### TASK PROMPT
Lines from the start of the data through the line containing "nat \<Rightarrow> int" must be given again exactly. Leave the others out.

--------

(* Let $M\ge1$ and consider a memoryless channel with binary input $\{0,1\}$, output alphabet $\mathcal{Y}=\{-M,\dots,M\}$ and transition probabilities $\varepsilon_{y|x}$ satisfying $\varepsilon_{y|1}=\varepsilon_{-y|0}$ for all $y$. Let $\mathcal{C}\subseteq\{0,1\}^n$ be a binary linear code with minimum distance $d_{\min}$ and weight distribution $S_w$, used with maximum-likelihood decoding. Let $\mathbf{m}=(m_{-M+1},\dots,m_M)\in\mathbb{Z}_+^{2M}$. Then the decoding error probability satisfies $$P_e\le\sum_{\boldsymbol{\ell}\in\tilde{\mathcal{U}}_n(\mathbf{m})}\Big(\prod_{j=-M}^M\varepsilon_{j|0}^{\ell_j}\Big)\min\Bigg\{\sum_{w=d_{\min}}^n S_w\sum_{\substack{\boldsymbol{\mu}\in\mathcal{U}_w(\boldsymbol{\ell})\\ \sum_j\mu_j\mathrm{LLR}_j\le0}}\binom{w}{\mu_{-M},\dots,\mu_M}\binom{n-w}{\ell_{-M}-\mu_{-M},\dots,\ell_M-\mu_M},\ \binom{n}{\ell_{-M},\dots,\ell_M}\Bigg\}+\sum_{\substack{\boldsymbol{\ell}\in\mathbb{Z}_+^{2M+1},\ \sum_j\ell_j=n\\ \boldsymbol{\ell}\notin\tilde{\mathcal{U}}_n(\mathbf{m})}}\Big(\prod_{j=-M}^M\varepsilon_{j|0}^{\ell_j}\Big)\binom{n}{\ell_{-M},\dots,\ell_M}.$$
   Context: $\mathbb{Z}_+$ denotes the nonnegative integers; $S_w$ is the number of codewords of Hamming weight $w$; $\binom{m}{a_1,\dots,a_k}=m!/(a_1!\cdots a_k!)$. $\tilde{\mathcal{U}}_n(\mathbf{m})=\{\boldsymbol{\ell}=(\ell_{-M},\dots,\ell_M)\in\mathbb{Z}_+^{2M+1}:\ \sum_j\ell_j=n,\ \ell_j\le m_j\ \text{for } j=-M+1,\dots,M\}$ (no constraint on $\ell_{-M}$). For $\boldsymbol{\ell}$ with $\sum_j\ell_j=n$, $\mathcal{U}_w(\boldsymbol{\ell})=\{\boldsymbol{\mu}\in\mathbb{Z}_+^{2M+1}:\ \sum_j\mu_j=w,\ \mu_j\le\ell_j\ \forall j\}$. $\mathrm{LLR}_j=\log(\varepsilon_{j|0}/\varepsilon_{j|1})$, and $\sum_j\mu_j\mathrm{LLR}_j\le0$ means $\prod_j(\varepsilon_{j|0}/\varepsilon_{j|1})^{\mu_j}\le1$. The error probability is the probability that the decoder does not output the transmitted codeword, with likelihood ties counted as errors; by linearity and symmetry it does not depend on the transmitted codeword. *)

theory Defs
  imports Complex_Main
begin

text \<open>Binary input symbols: False = 0, True = 1. Output alphabet {-M..M} (integers).
  A channel is a function eps :: int => bool => real with eps y x = transition probability.\<close>

definition outputs :: "nat \<Rightarrow> nat \<Rightarrow> int list set" where
  "outputs M n = {ys. length ys = n \<and> set ys \<subseteq> {- int M .. int M}}"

--------

### WRITTEN RESPONSE
(* Let $M\ge1$ and consider a memoryless channel with binary input $\{0,1\}$, output alphabet $\mathcal{Y}=\{-M,\dots,M\}$ and transition probabilities $\varepsilon_{y|x}$ satisfying $\varepsilon_{y|1}=\varepsilon_{-y|0}$ for all $y$. Let $\mathcal{C}\subseteq\{0,1\}^n$ be a binary linear code with minimum distance $d_{\min}$ and weight distribution $S_w$, used with maximum-likelihood decoding. Let $\mathbf{m}=(m_{-M+1},\dots,m_M)\in\mathbb{Z}_+^{2M}$. Then the decoding error probability satisfies $$P_e\le\sum_{\boldsymbol{\ell}\in\tilde{\mathcal{U}}_n(\mathbf{m})}\Big(\prod_{j=-M}^M\varepsilon_{j|0}^{\ell_j}\Big)\min\Bigg\{\sum_{w=d_{\min}}^n S_w\sum_{\substack{\boldsymbol{\mu}\in\mathcal{U}_w(\boldsymbol{\ell})\\ \sum_j\mu_j\mathrm{LLR}_j\le0}}\binom{w}{\mu_{-M},\dots,\mu_M}\binom{n-w}{\ell_{-M}-\mu_{-M},\dots,\ell_M-\mu_M},\ \binom{n}{\ell_{-M},\dots,\ell_M}\Bigg\}+\sum_{\substack{\boldsymbol{\ell}\in\mathbb{Z}_+^{2M+1},\ \sum_j\ell_j=n\\ \boldsymbol{\ell}\notin\tilde{\mathcal{U}}_n(\mathbf{m})}}\Big(\prod_{j=-M}^M\varepsilon_{j|0}^{\ell_j}\Big)\binom{n}{\ell_{-M},\dots,\ell_M}.$$
   Context: $\mathbb{Z}_+$ denotes the nonnegative integers; $S_w$ is the number of codewords of Hamming weight $w$; $\binom{m}{a_1,\dots,a_k}=m!/(a_1!\cdots a_k!)$. $\tilde{\mathcal{U}}_n(\mathbf{m})=\{\boldsymbol{\ell}=(\ell_{-M},\dots,\ell_M)\in\mathbb{Z}_+^{2M+1}:\ \sum_j\ell_j=n,\ \ell_j\le m_j\ \text{for } j=-M+1,\dots,M\}$ (no constraint on $\ell_{-M}$). For $\boldsymbol{\ell}$ with $\sum_j\ell_j=n$, $\mathcal{U}_w(\boldsymbol{\ell})=\{\boldsymbol{\mu}\in\mathbb{Z}_+^{2M+1}:\ \sum_j\mu_j=w,\ \mu_j\le\ell_j\ \forall j\}$. $\mathrm{LLR}_j=\log(\varepsilon_{j|0}/\varepsilon_{j|1})$, and $\sum_j\mu_j\mathrm{LLR}_j\le0$ means $\prod_j(\varepsilon_{j|0}/\varepsilon_{j|1})^{\mu_j}\le1$. The error probability is the probability that the decoder does not output the transmitted codeword, with likelihood ties counted as errors; by linearity and symmetry it does not depend on the transmitted codeword. *)

theory Defs
  imports Complex_Main
begin

text \<open>Binary input symbols: False = 0, True = 1. Output alphabet {-M..M} (integers).
  A channel is a function eps :: int => bool => real with eps y x = transition probability.\<close>

definition outputs :: "nat \<Rightarrow> nat \<Rightarrow> int list set" where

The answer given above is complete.